1. Principles for improving both strength & endurance
o Ensure a suitable setting, relaxed atmosphere and comfortable temperature.
o Do a warm-up before by means of an activity that warms up the entire body in order to improve the
blood flow to the muscle and soft tissue (helps with movement) or by exercising at a very low
intensity.
o Demonstrate the desired movement before and practice it to ensure that the patient knows what is
expected of him/her.
o Ensure a correct and stable posture of the patient, especially the starting position and support.
o The patient should be able to see the movement to focus his/her attention on it. Where sensation is
absent, provide additional stimulation.
o Ensure that the patient performs controlled movements and that he/she is not using compensatory
movements.
o Ensure the correct amount of resistance, the right direction and applied according to the correct
method.
o Ensure good communication and feedback between the patient and the therapist.

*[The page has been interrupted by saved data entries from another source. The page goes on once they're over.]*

lemma block_partition_card_lower_bound:
  assumes "2 \<le> n" and partition: "block_partition n P"
  shows "(n - 1)\<^sup>2 + 1 \<le> 2 * card P"
proof (rule ccontr)
  assume "\<not> ?thesis"
  then have few_blocks: "2 * card P + 2 * (n - 1) < n\<^sup>2"
    using assms(1) by (cases n) (auto simp: power2_eq_square)
  from partition have "finite P" and disjoint: "\<forall>B1\<in>P. \<forall>B2\<in>P. B1 \<noteq> B2 \<longrightarrow> B1 \<inter> B2 = {}"
    and cover: "\<Union>P = Kn_edges n \<times> Kn_edges n" and blocks: "\<forall>B\<in>P. is_block n B"
    unfolding block_partition_def by auto
  from blocks obtain \<alpha> \<beta> where kernel: "\<And>B I v. B \<in> P \<Longrightarrow> (\<Sum>u\<in>I. \<alpha> B u * v u) = 0 \<Longrightarrow>
      (\<Sum>u\<in>I. \<beta> B u * v u) = 0 \<Longrightarrow> pair_form I B v = 0"
    using pair_form_block_kernel by metis
  have "card (\<alpha> ` P \<union> \<beta> ` P) + 2 * (n - 1) < n\<^sup>2"
    using card_Un_le[of "\<alpha> ` P" "\<beta> ` P"] card_image_le[OF \<open>finite P\<close>, of \<alpha>]
      card_image_le[OF \<open>finite P\<close>, of \<beta>] few_blocks by linarith
  then obtain v where "\<exists>u\<in>grid n. v u \<noteq> 0"
    and orthogonal: "\<forall>\<gamma>\<in>\<alpha> ` P \<union> \<beta> ` P. (\<Sum>u\<in>grid n. \<gamma> u * v u) = 0"
    and "equal_line_sums n v"
    by (rule equal_line_sums_orthogonal_exists[rotated]) (use \<open>finite P\<close> in auto)
  then have "0 < pair_form (grid n) (\<Union>P) v"
    unfolding cover using pair_form_complete_graph_pos[OF assms(1)] by blast
  also have "pair_form (grid n) (\<Union>P) v = 0"
    using pair_form_Union[OF \<open>finite P\<close> disjoint] kernel orthogonal by simp
  finally show False by simp
qed

lemma block_partition_exists: "\<exists>P. block_partition n P"
proof -
  have "finite (Kn_edges n)"
    by (rule finite_subset[of _ "Pow {..<n}"]) (auto simp: Kn_edges_def)
  moreover have "is_cbs n {e}" if "e \<in> Kn_edges n" for e
  proof -
    from that obtain x y where "x < n" "y < n" "x \<noteq> y" "e = {x, y}" by (auto simp: Kn_edges_def)
    moreover have "bip_edges {x} {y} = {{x, y}}" by (auto simp: bip_edges_def)
    ultimately show ?thesis unfolding is_cbs_def by blast
  qed
  ultimately have "block_partition n ((\<lambda>p. {p}) ` (Kn_edges n \<times> Kn_edges n))"
    unfolding block_partition_def is_block_def by auto
  then show ?thesis by blast
qed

o Regular exercise programme = 3 to 5 times per week.
o Allow for adequate rest periods during the specific exercises, during the treatment period as well as
between treatment sessions.
o Principles of specificity.
o Principles of overload.

2. Principles for muscle strengthening
o High resistance – maximal or as close to maximal resistance as is possible – this should be adjusted
as the muscle strengthens. 60-70% of the maximal ability of the muscle should be used. Less than
30% will not bring about muscle strengthening.
o Low repetitions – e.g. 8 to 10 times.
o Resistance is applied to specific muscles / muscle groups.

3. Principles for muscle endurance
o Intensity at 60-90% of maximum heart rate (calculate for age) or 50-80% of VO2 max.
o Duration of session – 15 to 60 minutes (average 20 to 30 minutes).
o High repetitions – at least 20 repetitions or 30 seconds.
o Low resistance contractions – lower resistance activity can be sustained for longer periods. Muscles
should contract to at least 30-50% of their maximum strength.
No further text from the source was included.